The Safkhet report concludes that Adtalem’s business model is “fast and loose admissions made possible by aggressive and sometimes deceptive tactics” and that Adtalem’s “future contains far too many potentially great and existential risks which are not adequately reflected in its current value.”

Looking at the for-profit college industry as a whole, and its impact on a student population that includes single mothers and veterans, Safkhet concludes, starkly, that “taxpayers are sending hundreds of billions to schools that widen the wealth gap and leave even our military in a cycle of poverty.” 

Adtalem shares dropped 19 percent Tuesday, the day Safkhet released its report, losing some $400 million in value, the worst single-day fall in five years.

Adtalem responded by moving up, from Thursday to Tuesday evening, its quarterly earnings call with investors, and on the call the company projected an upbeat stance on its future. It insisted there was “no existential risk” of losing federal aid and disputed Safkhet’s gainful employment and graduation rate calculations.  The company said it was “fully cooperating” with the Department of Education’s request for information.

BMO Capital Markets, which analyzes the for-profit education industry, then issued a report, typical of cheerleading analysts for this sector, calling Tuesday’s stock sell-off “an overreaction” and predicting “the stock will recoup some of yesterday’s losses.” They’re probably right on the market prediction, at least in the near term. But dead wrong by ignoring the moral outrage that for-profit college abuses create.

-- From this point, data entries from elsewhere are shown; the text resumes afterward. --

text \<open>Replace \<open>\<Phi> x y\<close> by the step kernel \<open>\<Phi> (ps (idx x)) (ps (idx y))\<close>, which rounds
  both arguments to a fine finite net of \<open>\<Omega>\<close>: for the step kernel both integrals become
  finite sums to which positive definiteness applies, and uniform continuity bounds the error.\<close>
lemma kernel_form_potential_ineq_approx:
  assumes g: "test_fun g" and c: "fin_coeff \<Omega> c" and "\<epsilon> > 0"
  defines "L \<equiv> \<integral>x. \<bar>g x\<bar> \<partial>lebesgue"
  shows "0 \<le> kernel_form g g + 2 * (\<Sum>y\<in>{y. c y \<noteq> 0}. c y * potential g y) + kernel_norm2 \<Phi> c
    + \<epsilon> * (L\<^sup>2 + 2 * (\<Sum>y\<in>{y. c y \<noteq> 0}. \<bar>c y\<bar>) * L)"
proof -
  define Y where "Y = {y. c y \<noteq> 0}"
  have Y: "finite Y" "Y \<subseteq> \<Omega>" using c unfolding Y_def fin_coeff_def by auto
  obtain \<delta> where "\<delta> > 0" and close: "\<And>x x' y y'. \<lbrakk>x \<in> \<Omega>; x' \<in> \<Omega>; y \<in> \<Omega>; y' \<in> \<Omega>;
      dist x' x < \<delta>; dist y' y < \<delta>\<rbrakk> \<Longrightarrow> \<bar>\<Phi> x' y' - \<Phi> x y\<bar> \<le> \<epsilon>"
    using Phi_uniformly_close[OF \<open>\<epsilon> > 0\<close>] by blast
  obtain n :: nat and ps :: "nat \<Rightarrow> 'a" and idx :: "'a \<Rightarrow> nat" where ps: "\<And>k. k < n \<Longrightarrow> ps k \<in> \<Omega>"
    and idx: "\<And>x. x \<in> \<Omega> \<Longrightarrow> idx x < n \<and> dist (ps (idx x)) x < \<delta>"
    and idx_meas: "idx \<in> lebesgue \<rightarrow>\<^sub>M count_space UNIV"
    using finite_measurable_net[OF \<open>\<delta> > 0\<close>] by blast
  have n: "\<And>x. x \<in> \<Omega> \<Longrightarrow> idx x < n" using idx by blast
  define G where "G = cell_integral g idx"
  have energy: "(\<Sum>k<n. \<Sum>l<n. G k * G l * \<Phi> (ps k) (ps l)) \<le> kernel_form g g + \<epsilon> * L\<^sup>2"
    unfolding G_def L_def using close idx ps
    by (intro kernel_form_step_error[OF g idx_meas n]) auto
  have "(\<Sum>y\<in>Y. c y * (\<Sum>k<n. G k * \<Phi> (ps k) y)) \<le> (\<Sum>y\<in>Y. c y * potential g y + \<bar>c y\<bar> * (\<epsilon> * L))"
  proof (rule sum_mono)
    fix y assume "y \<in> Y"
    then have err: "\<bar>(\<Sum>k<n. G k * \<Phi> (ps k) y) - potential g y\<bar> \<le> \<epsilon> * L"
      unfolding G_def L_def using Y close idx ps \<open>\<delta> > 0\<close>
      by (intro potential_step_error[OF g idx_meas n]) auto
    have "c y * ((\<Sum>k<n. G k * \<Phi> (ps k) y) - potential g y)
        \<le> \<bar>c y\<bar> * \<bar>(\<Sum>k<n. G k * \<Phi> (ps k) y) - potential g y\<bar>"
      by (metis abs_ge_self abs_mult)
    also have "\<dots> \<le> \<bar>c y\<bar> * (\<epsilon> * L)" using err by (rule mult_left_mono) simp
    finally show "c y * (\<Sum>k<n. G k * \<Phi> (ps k) y) \<le> c y * potential g y + \<bar>c y\<bar> * (\<epsilon> * L)"
      by (simp add: algebra_simps)
  qed
  moreover have "(\<Sum>y\<in>Y. c y * potential g y + \<bar>c y\<bar> * (\<epsilon> * L))
      = (\<Sum>y\<in>Y. c y * potential g y) + \<epsilon> * (\<Sum>y\<in>Y. \<bar>c y\<bar>) * L"
    by (simp add: sum.distrib sum_distrib_left sum_distrib_right ac_simps)
  moreover have "0 \<le> (\<Sum>k<n. \<Sum>l<n. G k * G l * \<Phi> (ps k) (ps l))
      + 2 * (\<Sum>y\<in>Y. c y * (\<Sum>k<n. G k * \<Phi> (ps k) y)) + kernel_norm2 \<Phi> c"
    unfolding Y_def by (rule pd_kernel_mixed_sum_nonneg[OF pd symmetric _ _ c]) (use ps in auto)
  ultimately show ?thesis
    using energy unfolding Y_def[symmetric] by (simp add: distrib_left)
qed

Of the giant for-profit college companies that were taking in billions in federal aid at the height of the industry’s unchecked fraudulent rampage about a dozen years ago, some, including Corinthian Colleges, ITT Tech, EDMC, CEHE, and Education Corporation of America, collapsed under the weight of shocking revelations and law enforcement probes. Others, like Kaplan University, Keiser University, Ashford University, and the University of Phoenix, have tried, with various degrees of success, or are seeking, to conceal their rotten predatory cores behind the facades of new non-profit structures and retain their principals’ large compensation packages. But a few, including Adtalem and Perdoceo Education Corp., have carried on as classic predatory for-profits, selling substandard educations through deceptive marketing, and somehow have stayed alive through efforts by the Obama and Biden administrations to hold bad-behaving schools accountable.

Whether Fahmi Quadir is right and Adtalem is headed toward failure will depend on factors including if the public, media, students, and investors start paying more attention to problems with the operation, and if the Department of Education and other oversight agencies advance efforts to stand up for students and taxpayers.